While stories of air pollution in Delhi resemble “Beijing from 20 years ago” to climate policy expert Saurabh Jain-Punamiya, the Delhi problem has grown into a pan-India problem, with air pollution cutting almost six years off the life expectancy of the country’s residents.
While India can improve its air quality, Michael Greenstone, economics professor and director of the Energy Policy Institute at the University of Chicago, said it is challenging to “find regulatory tools that work and that are consistent with the urgent and vital need for continued, rapid economic growth”.
But moving to market-based approaches such as pollution markets or taxes has shown major promise.

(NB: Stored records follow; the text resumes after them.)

(* Let $G$ and $H$ be graphs, each with at least $2$ vertices. The Cartesian product $G \Box H$ is $1$-perfectly orientable if and only if one of the following holds: (i) $G$ is edgeless and $H$ is $1$-perfectly orientable, or vice versa (i.e. $H$ is edgeless and $G$ is $1$-perfectly orientable); (ii) $G\cong pK_1+qK_2$ and $H\cong rK_1+sK_2$ for some integers $p,q,r,s\ge 0$.
   Context: All graphs are finite and simple. An orientation of a graph $G$ is $1$-perfect if the out-neighborhood of every vertex induces a clique in $G$; $G$ is $1$-perfectly orientable ($1$-p.o.) if it admits a $1$-perfect orientation. The Cartesian product $G\Box H$ has vertex set $V(G)\times V(H)$, with distinct $(u,v),(u',v')$ adjacent iff either $u=u'$ and $vv'\in E(H)$, or $v=v'$ and $uu'\in E(G)$. $G+H$ denotes disjoint union and $kG$ the disjoint union of $k$ copies of $G$; $K_n$ is the complete graph on $n$ vertices. *)

theory Defs
  imports Main
begin

definition graph :: "'a set \<Rightarrow> ('a \<Rightarrow> 'a \<Rightarrow> bool) \<Rightarrow> bool" where
  "graph V E \<longleftrightarrow> finite V \<and> (\<forall>u v. E u v \<longrightarrow> u \<in> V \<and> v \<in> V \<and> u \<noteq> v \<and> E v u)"

definition orientation :: "'a set \<Rightarrow> ('a \<Rightarrow> 'a \<Rightarrow> bool) \<Rightarrow> ('a \<Rightarrow> 'a \<Rightarrow> bool) \<Rightarrow> bool" where
  "orientation V E D \<longleftrightarrow> (\<forall>u v. D u v \<longrightarrow> E u v) \<and> (\<forall>u v. E u v \<longrightarrow> D u v \<or> D v u)
     \<and> (\<forall>u v. D u v \<longrightarrow> \<not> D v u)"

definition one_perfect_orientation :: "'a set \<Rightarrow> ('a \<Rightarrow> 'a \<Rightarrow> bool) \<Rightarrow> ('a \<Rightarrow> 'a \<Rightarrow> bool) \<Rightarrow> bool" where
  "one_perfect_orientation V E D \<longleftrightarrow> orientation V E D \<and>
     (\<forall>v\<in>V. \<forall>x y. D v x \<longrightarrow> D v y \<longrightarrow> x \<noteq> y \<longrightarrow> E x y)"

definition one_po :: "'a set \<Rightarrow> ('a \<Rightarrow> 'a \<Rightarrow> bool) \<Rightarrow> bool" where
  "one_po V E \<longleftrightarrow> (\<exists>D. one_perfect_orientation V E D)"

definition edgeless :: "'a set \<Rightarrow> ('a \<Rightarrow> 'a \<Rightarrow> bool) \<Rightarrow> bool" where
  "edgeless V E \<longleftrightarrow> (\<forall>u\<in>V. \<forall>v\<in>V. \<not> E u v)"

text \<open>Cartesian product (vertex set is V1 \<times> V2).\<close>
definition cart_E :: "('a \<Rightarrow> 'a \<Rightarrow> bool) \<Rightarrow> ('b \<Rightarrow> 'b \<Rightarrow> bool) \<Rightarrow> ('a \<times> 'b) \<Rightarrow> ('a \<times> 'b) \<Rightarrow> bool" where
  "cart_E E1 E2 x y \<longleftrightarrow> (fst x = fst y \<and> E2 (snd x) (snd y)) \<or> (snd x = snd y \<and> E1 (fst x) (fst y))"

definition iso :: "'a set \<Rightarrow> ('a \<Rightarrow> 'a \<Rightarrow> bool) \<Rightarrow> 'b set \<Rightarrow> ('b \<Rightarrow> 'b \<Rightarrow> bool) \<Rightarrow> bool" where
  "iso V E W F \<longleftrightarrow> (\<exists>f. bij_betw f V W \<and> (\<forall>u\<in>V. \<forall>v\<in>V. E u v \<longleftrightarrow> F (f u) (f v)))"

text \<open>The graph pK_1 + qK_2: isolated vertices Inl i (i < p) and edges
  Inr (j,False) -- Inr (j,True) for j < q.\<close>
definition K1K2_V :: "nat \<Rightarrow> nat \<Rightarrow> (nat + nat \<times> bool) set" where
  "K1K2_V p q = Inl ` {..<p} \<union> Inr ` ({..<q} \<times> UNIV)"

definition K1K2_E :: "(nat + nat \<times> bool) \<Rightarrow> (nat + nat \<times> bool) \<Rightarrow> bool" where
  "K1K2_E x y \<longleftrightarrow> (\<exists>j b b'. x = Inr (j, b) \<and> y = Inr (j, b') \<and> b \<noteq> b')"

end

theory Submission
  imports Defs
begin

text \<open>Every layer of \<open>G \<box> H\<close> is an induced copy of a factor, which settles the case of an
  edgeless factor. If both factors have an edge, neither has a vertex of degree two: a chordless
  4-cycle can only be oriented cyclically in a 1-perfect orientation, and two squares of the
  product sharing an edge then force an out-neighbourhood that is not a clique. So both factors
  have maximum degree at most one, i.e. are of the form \<open>pK\<^sub>1 + qK\<^sub>2\<close>; conversely, for such factors
  2-colourings give an orientation of the product in which every out-degree is at most one.\<close>

definition max_degree_le_one :: "('a \<Rightarrow> 'a \<Rightarrow> bool) \<Rightarrow> bool" where
  "max_degree_le_one E \<longleftrightarrow> (\<forall>u v w. E u v \<longrightarrow> E u w \<longrightarrow> v = w)"

lemma graph_edge_in_vertices:
  assumes "graph V E" "E u v"
  shows "u \<in> V" "v \<in> V"
  using assms unfolding graph_def by blast+

lemma graph_edge_sym: "graph V E \<Longrightarrow> E u v \<Longrightarrow> E v u"
  unfolding graph_def by blast

lemma graph_irrefl: "graph V E \<Longrightarrow> \<not> E u u"
  unfolding graph_def by blast

lemma cart_E_Pair:
  "cart_E E1 E2 (a, b) (a', b') \<longleftrightarrow> (a = a' \<and> E2 b b') \<or> (b = b' \<and> E1 a a')"
  by (simp add: cart_E_def)

lemma one_perfect_orientationI:
  assumes "\<And>u v. D u v \<Longrightarrow> E u v"
    and "\<And>u v. E u v \<Longrightarrow> D u v \<or> D v u"
    and "\<And>u v. D u v \<Longrightarrow> \<not> D v u"
    and "\<And>v x y. v \<in> V \<Longrightarrow> D v x \<Longrightarrow> D v y \<Longrightarrow> x \<noteq> y \<Longrightarrow> E x y"
  shows "one_perfect_orientation V E D"
  using assms unfolding one_perfect_orientation_def orientation_def by blast

lemma one_perfect_orientation_arc_edge:
  "one_perfect_orientation V E D \<Longrightarrow> D u v \<Longrightarrow> E u v"
  unfolding one_perfect_orientation_def orientation_def by blast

Greenstone, whose research inspired the Air Quality Life Index (AQLI) which links air quality with life expectancy, has been involved in an “exciting” initiative by the state government of Gujarat called India Clean Air Markets.

Essentially, the government sets a cap on emissions but then allows industries to buy and sell permits to stay below that cap.
The state ran a randomised experiment where firms were either regulated under the existing rules or by the new cap and trade regulations. The new regulations came out as the clear winner.
“Pollution went down by 20 to 30 per cent, and industries’ compliance costs went down,” Greenstone said.